> [Exercise objective]: Scan the entries below. List each line with "block".

> [Extracted data]:
----

lemma hereditary_game_ideal_aone:
  assumes m: "0 < m" "m < n" and V: "hereditary n m V" "game_ideal (K n) (K m) \<subseteq> V"
  shows "aone \<in> V"
proof -
  let ?P = "asum {..<m} (\<lambda>a. amult m (colour_defect n m a) (colour_defect n m a))"
  let ?f = "ascale (of_real (real (n - m))) aone"
  have clashes: "colour_clashes n m = aadd ?P ?f"
    using m by (simp add: colour_clashes_eq of_nat_diff)
  have P: "?P \<in> pos_cone n m"
    using pos_cone_asum_squares[of "{..<m}" "colour_defect n m" n m]
    by (simp add: astar_colour_defect[OF m(1)] colour_defect_Alg[OF m(1)])
  have "selfadj m ?P"
    using selfadj_square_colour_defect[OF m(1)] by (simp add: selfadj_def astar_asum)
  moreover have f: "selfadj m ?f"
    by (simp add: selfadj_def astar_ascale astar_aone)
  ultimately have "selfadj m (colour_clashes n m)"
    unfolding clashes by (simp add: selfadj_def astar_aadd)
  moreover have "asub (colour_clashes n m) ?f = ?P"
    unfolding clashes by (simp add: fun_eq_iff asub_def aadd_def)
  ultimately have "?f \<in> V"
    using hereditary_dominated[OF V(1) Alg_ascale[OF Alg_aone] f pos_cone_scaled_aone
        colour_clashes_mem[OF V]] P by simp
  then have "ascale (1 / of_nat (n - m)) ?f \<in> V"
    by (rule hereditary_ascale[OF V(1)])
  then show ?thesis
    using m by (simp add: ascale_def fun_eq_iff)
qed
definition col :: "nat \<Rightarrow> f2mat \<Rightarrow> nat \<Rightarrow> f2vec" where
  "col k M j = (\<lambda>i. if i < k then M i j else 0)"

definition is_simplex_gen :: "nat \<Rightarrow> f2mat \<Rightarrow> bool" where
  "is_simplex_gen k G \<longleftrightarrow>
     bij_betw (col k G) {..<2^k - 1} {v. (\<forall>i\<ge>k. v i = 0) \<and> v \<noteq> (\<lambda>_. 0)}"

definition simplex_len :: "nat \<Rightarrow> nat" where
  "simplex_len k = 2^k - 1"

definition um_n :: "nat \<Rightarrow> nat" where
  "um_n k = 2 * simplex_len k"

definition um_G0 :: "nat \<Rightarrow> f2mat \<Rightarrow> f2mat" where
  "um_G0 k G i j =
     (if i < k \<and> j < simplex_len k then G i j
      else if i < k \<and> simplex_len k \<le> j \<and> j < 2 * simplex_len k then G i (j - simplex_len k)
      else 0)"

definition um_G1 :: "nat \<Rightarrow> f2mat \<Rightarrow> f2mat" where
  "um_G1 k G i j = (if i < k \<and> j < simplex_len k then G i j else 0)"

text \<open>G_total in F_2^{(s+1)k x (s+2)n}: block row bi has G_0 in block column bi
  and G_1 in block column bi+1.\<close>
definition um_Gtotal :: "nat \<Rightarrow> f2mat \<Rightarrow> nat \<Rightarrow> f2mat" where
  "um_Gtotal k G s r c =
     (if r < (s + 1) * k \<and> c < (s + 2) * um_n k then
        (if c div um_n k = r div k then um_G0 k G (r mod k) (c mod um_n k)
         else if c div um_n k = r div k + 1 then um_G1 k G (r mod k) (c mod um_n k)
         else 0)
      else 0)"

----

> [Solution to this task]:
text \<open>G_total in F_2^{(s+1)k x (s+2)n}: block row bi has G_0 in block column bi
  and G_1 in block column bi+1.\<close>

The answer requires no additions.